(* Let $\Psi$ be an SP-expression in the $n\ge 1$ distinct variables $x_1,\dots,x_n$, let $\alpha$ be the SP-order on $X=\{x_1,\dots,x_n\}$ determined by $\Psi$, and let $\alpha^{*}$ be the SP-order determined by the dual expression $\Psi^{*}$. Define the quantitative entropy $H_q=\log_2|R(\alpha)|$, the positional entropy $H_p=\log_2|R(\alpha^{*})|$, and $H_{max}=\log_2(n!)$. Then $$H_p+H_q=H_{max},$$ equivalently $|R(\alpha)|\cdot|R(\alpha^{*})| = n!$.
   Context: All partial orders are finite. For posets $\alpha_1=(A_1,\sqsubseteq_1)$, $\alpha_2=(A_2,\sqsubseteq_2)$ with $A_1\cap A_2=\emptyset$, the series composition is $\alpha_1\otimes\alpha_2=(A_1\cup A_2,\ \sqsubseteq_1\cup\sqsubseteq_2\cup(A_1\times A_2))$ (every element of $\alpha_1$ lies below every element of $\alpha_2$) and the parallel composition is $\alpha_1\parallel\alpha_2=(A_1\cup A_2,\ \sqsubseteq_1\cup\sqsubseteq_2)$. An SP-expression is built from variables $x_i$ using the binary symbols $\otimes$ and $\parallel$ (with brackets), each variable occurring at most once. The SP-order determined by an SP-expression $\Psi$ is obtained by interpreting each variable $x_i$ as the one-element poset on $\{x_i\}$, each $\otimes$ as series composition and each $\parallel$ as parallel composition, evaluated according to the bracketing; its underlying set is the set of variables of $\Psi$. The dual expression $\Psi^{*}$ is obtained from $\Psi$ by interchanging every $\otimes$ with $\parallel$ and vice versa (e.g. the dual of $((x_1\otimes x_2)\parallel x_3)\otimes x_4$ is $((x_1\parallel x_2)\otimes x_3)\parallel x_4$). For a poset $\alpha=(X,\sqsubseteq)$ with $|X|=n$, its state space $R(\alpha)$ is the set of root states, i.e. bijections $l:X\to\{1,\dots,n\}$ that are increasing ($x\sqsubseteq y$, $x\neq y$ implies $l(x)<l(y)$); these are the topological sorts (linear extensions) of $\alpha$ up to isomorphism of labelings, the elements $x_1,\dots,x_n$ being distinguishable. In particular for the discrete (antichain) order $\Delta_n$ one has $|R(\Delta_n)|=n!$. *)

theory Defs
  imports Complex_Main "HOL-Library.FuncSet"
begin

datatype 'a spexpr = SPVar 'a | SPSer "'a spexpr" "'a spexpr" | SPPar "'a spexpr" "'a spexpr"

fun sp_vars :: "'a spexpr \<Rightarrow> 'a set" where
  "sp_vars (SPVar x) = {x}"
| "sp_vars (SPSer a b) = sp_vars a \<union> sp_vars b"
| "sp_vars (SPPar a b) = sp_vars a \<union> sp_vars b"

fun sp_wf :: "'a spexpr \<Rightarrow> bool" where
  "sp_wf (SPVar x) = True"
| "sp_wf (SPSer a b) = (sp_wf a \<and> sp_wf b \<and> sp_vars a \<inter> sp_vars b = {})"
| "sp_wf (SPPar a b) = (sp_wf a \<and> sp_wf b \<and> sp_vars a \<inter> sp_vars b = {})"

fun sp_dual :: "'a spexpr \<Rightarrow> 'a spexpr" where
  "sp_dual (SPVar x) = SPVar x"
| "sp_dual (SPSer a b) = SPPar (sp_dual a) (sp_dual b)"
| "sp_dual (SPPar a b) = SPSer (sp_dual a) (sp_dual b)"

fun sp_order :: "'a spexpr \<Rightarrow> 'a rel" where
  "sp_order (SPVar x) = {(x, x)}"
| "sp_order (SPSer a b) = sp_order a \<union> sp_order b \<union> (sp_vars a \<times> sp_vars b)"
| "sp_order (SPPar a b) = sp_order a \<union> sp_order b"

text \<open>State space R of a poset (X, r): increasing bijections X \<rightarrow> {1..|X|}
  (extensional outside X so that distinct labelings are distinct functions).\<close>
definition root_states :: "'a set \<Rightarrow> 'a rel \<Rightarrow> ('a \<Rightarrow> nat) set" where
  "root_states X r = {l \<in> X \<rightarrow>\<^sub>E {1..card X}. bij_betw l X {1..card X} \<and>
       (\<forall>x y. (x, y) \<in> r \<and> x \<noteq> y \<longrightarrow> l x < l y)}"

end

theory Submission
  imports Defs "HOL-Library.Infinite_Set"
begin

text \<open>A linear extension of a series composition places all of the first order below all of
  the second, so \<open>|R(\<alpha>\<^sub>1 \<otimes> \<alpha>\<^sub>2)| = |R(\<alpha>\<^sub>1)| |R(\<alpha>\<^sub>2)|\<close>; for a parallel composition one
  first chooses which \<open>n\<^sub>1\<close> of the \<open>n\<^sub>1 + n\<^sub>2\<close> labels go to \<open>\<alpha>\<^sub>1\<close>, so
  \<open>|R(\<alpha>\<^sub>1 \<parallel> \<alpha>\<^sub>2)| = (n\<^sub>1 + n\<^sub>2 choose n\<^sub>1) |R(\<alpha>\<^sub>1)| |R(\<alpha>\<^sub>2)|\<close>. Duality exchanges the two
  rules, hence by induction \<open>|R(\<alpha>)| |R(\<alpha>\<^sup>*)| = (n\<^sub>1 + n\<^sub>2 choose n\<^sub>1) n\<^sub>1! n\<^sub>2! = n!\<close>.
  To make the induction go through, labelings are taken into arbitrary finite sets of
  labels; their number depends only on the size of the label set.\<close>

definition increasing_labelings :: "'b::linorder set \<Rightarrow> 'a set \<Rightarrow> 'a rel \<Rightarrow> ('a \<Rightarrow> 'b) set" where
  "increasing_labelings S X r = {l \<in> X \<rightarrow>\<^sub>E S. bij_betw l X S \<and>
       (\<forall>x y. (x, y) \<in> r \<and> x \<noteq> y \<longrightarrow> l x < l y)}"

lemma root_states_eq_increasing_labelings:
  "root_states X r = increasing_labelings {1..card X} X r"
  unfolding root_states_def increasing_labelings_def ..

---

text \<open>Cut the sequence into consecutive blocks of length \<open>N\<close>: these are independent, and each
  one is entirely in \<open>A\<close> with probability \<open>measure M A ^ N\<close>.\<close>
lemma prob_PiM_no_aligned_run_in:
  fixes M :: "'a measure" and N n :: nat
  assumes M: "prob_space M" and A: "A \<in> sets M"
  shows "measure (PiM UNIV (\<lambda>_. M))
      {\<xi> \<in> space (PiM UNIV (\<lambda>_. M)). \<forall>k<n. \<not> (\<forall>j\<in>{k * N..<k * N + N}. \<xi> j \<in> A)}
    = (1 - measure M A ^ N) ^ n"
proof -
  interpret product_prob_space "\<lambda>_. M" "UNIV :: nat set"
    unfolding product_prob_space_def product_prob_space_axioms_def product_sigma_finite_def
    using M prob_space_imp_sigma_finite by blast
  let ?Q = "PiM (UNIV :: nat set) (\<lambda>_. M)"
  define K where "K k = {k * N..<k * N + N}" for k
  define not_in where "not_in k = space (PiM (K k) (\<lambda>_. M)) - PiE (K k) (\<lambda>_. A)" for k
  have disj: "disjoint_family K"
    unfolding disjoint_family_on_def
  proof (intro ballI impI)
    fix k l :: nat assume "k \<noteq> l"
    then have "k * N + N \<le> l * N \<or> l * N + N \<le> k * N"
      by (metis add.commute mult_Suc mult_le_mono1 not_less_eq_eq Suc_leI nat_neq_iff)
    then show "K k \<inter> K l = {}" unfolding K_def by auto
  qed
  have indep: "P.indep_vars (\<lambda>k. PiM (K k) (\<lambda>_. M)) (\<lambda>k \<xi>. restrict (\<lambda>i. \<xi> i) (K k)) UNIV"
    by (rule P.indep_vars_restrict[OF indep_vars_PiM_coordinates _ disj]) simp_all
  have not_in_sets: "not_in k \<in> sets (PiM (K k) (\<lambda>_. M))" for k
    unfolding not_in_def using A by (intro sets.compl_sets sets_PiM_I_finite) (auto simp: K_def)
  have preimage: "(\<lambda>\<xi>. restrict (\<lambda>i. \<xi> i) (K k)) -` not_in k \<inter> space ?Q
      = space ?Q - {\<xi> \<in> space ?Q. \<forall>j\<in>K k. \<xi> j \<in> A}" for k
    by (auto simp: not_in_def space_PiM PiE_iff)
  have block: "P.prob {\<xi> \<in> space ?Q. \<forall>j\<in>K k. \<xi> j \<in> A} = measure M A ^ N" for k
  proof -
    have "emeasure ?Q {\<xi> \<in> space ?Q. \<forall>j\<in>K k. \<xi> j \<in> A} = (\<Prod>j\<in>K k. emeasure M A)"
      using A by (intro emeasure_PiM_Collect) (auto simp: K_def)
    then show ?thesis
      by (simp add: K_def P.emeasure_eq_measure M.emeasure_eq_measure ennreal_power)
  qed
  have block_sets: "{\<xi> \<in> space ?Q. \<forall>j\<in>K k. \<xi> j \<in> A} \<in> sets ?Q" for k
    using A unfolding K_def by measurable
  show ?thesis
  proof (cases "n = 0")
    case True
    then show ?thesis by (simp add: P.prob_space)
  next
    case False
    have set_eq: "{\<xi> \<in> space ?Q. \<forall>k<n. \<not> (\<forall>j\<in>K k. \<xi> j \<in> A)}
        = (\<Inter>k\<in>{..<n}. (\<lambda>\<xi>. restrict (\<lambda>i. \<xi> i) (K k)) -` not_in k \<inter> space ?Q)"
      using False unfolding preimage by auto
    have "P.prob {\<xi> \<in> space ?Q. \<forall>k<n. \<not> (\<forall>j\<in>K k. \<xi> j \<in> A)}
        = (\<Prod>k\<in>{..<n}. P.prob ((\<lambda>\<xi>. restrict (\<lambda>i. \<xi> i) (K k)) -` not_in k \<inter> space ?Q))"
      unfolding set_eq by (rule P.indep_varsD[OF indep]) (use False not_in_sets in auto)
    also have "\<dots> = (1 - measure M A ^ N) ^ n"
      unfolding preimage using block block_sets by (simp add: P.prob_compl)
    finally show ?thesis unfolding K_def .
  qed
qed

--

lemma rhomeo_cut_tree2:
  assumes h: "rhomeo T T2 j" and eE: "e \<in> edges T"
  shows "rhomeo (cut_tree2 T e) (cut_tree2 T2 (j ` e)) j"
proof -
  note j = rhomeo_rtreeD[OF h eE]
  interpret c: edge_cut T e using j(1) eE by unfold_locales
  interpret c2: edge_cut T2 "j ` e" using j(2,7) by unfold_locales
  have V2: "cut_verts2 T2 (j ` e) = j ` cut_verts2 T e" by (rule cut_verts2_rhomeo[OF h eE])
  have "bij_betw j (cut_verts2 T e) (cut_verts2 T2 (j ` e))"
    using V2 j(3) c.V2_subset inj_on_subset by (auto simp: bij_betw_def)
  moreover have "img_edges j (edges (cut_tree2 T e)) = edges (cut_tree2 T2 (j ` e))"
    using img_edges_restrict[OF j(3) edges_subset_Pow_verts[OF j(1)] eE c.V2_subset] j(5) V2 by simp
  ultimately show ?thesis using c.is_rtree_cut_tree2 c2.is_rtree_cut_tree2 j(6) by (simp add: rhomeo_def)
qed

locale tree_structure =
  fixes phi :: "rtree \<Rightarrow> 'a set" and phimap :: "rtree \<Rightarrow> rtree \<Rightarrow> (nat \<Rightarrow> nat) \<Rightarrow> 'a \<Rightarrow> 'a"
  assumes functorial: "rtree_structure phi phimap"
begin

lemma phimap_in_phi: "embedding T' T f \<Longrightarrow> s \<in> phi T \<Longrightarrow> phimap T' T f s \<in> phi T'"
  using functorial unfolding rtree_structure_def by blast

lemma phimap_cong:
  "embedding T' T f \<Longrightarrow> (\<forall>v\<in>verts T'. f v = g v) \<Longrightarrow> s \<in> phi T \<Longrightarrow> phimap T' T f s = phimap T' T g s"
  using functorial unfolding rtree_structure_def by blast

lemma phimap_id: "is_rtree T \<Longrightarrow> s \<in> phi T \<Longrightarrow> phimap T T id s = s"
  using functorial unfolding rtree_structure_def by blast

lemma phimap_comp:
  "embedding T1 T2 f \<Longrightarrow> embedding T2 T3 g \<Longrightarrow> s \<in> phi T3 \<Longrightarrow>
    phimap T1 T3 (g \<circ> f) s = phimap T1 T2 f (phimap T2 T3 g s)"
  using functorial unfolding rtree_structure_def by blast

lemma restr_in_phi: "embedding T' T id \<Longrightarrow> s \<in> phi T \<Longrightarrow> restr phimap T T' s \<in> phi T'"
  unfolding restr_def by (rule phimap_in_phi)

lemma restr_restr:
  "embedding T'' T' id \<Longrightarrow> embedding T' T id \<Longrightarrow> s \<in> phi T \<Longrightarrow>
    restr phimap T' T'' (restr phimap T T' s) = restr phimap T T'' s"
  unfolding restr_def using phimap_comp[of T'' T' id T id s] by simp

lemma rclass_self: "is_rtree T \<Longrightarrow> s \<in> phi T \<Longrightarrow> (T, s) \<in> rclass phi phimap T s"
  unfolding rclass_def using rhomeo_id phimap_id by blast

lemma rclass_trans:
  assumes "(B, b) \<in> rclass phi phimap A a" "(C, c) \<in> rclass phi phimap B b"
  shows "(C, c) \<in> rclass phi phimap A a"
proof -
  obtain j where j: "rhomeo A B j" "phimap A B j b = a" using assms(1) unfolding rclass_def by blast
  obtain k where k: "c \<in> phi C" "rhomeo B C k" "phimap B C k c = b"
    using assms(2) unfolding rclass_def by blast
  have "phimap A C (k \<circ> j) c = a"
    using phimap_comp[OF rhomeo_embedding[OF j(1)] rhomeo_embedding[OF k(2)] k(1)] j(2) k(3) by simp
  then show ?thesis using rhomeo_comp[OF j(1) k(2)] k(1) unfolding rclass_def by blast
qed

» What you have to do:
From the data, pick out every line that includes "poset".

» Answer area:
   Context: All partial orders are finite. For posets $\alpha_1=(A_1,\sqsubseteq_1)$, $\alpha_2=(A_2,\sqsubseteq_2)$ with $A_1\cap A_2=\emptyset$, the series composition is $\alpha_1\otimes\alpha_2=(A_1\cup A_2,\ \sqsubseteq_1\cup\sqsubseteq_2\cup(A_1\times A_2))$ (every element of $\alpha_1$ lies below every element of $\alpha_2$) and the parallel composition is $\alpha_1\parallel\alpha_2=(A_1\cup A_2,\ \sqsubseteq_1\cup\sqsubseteq_2)$. An SP-expression is built from variables $x_i$ using the binary symbols $\otimes$ and $\parallel$ (with brackets), each variable occurring at most once. The SP-order determined by an SP-expression $\Psi$ is obtained by interpreting each variable $x_i$ as the one-element poset on $\{x_i\}$, each $\otimes$ as series composition and each $\parallel$ as parallel composition, evaluated according to the bracketing; its underlying set is the set of variables of $\Psi$. The dual expression $\Psi^{*}$ is obtained from $\Psi$ by interchanging every $\otimes$ with $\parallel$ and vice versa (e.g. the dual of $((x_1\otimes x_2)\parallel x_3)\otimes x_4$ is $((x_1\parallel x_2)\otimes x_3)\parallel x_4$). For a poset $\alpha=(X,\sqsubseteq)$ with $|X|=n$, its state space $R(\alpha)$ is the set of root states, i.e. bijections $l:X\to\{1,\dots,n\}$ that are increasing ($x\sqsubseteq y$, $x\neq y$ implies $l(x)<l(y)$); these are the topological sorts (linear extensions) of $\alpha$ up to isomorphism of labelings, the elements $x_1,\dots,x_n$ being distinguishable. In particular for the discrete (antichain) order $\Delta_n$ one has $|R(\Delta_n)|=n!$. *)
text \<open>State space R of a poset (X, r): increasing bijections X \<rightarrow> {1..|X|}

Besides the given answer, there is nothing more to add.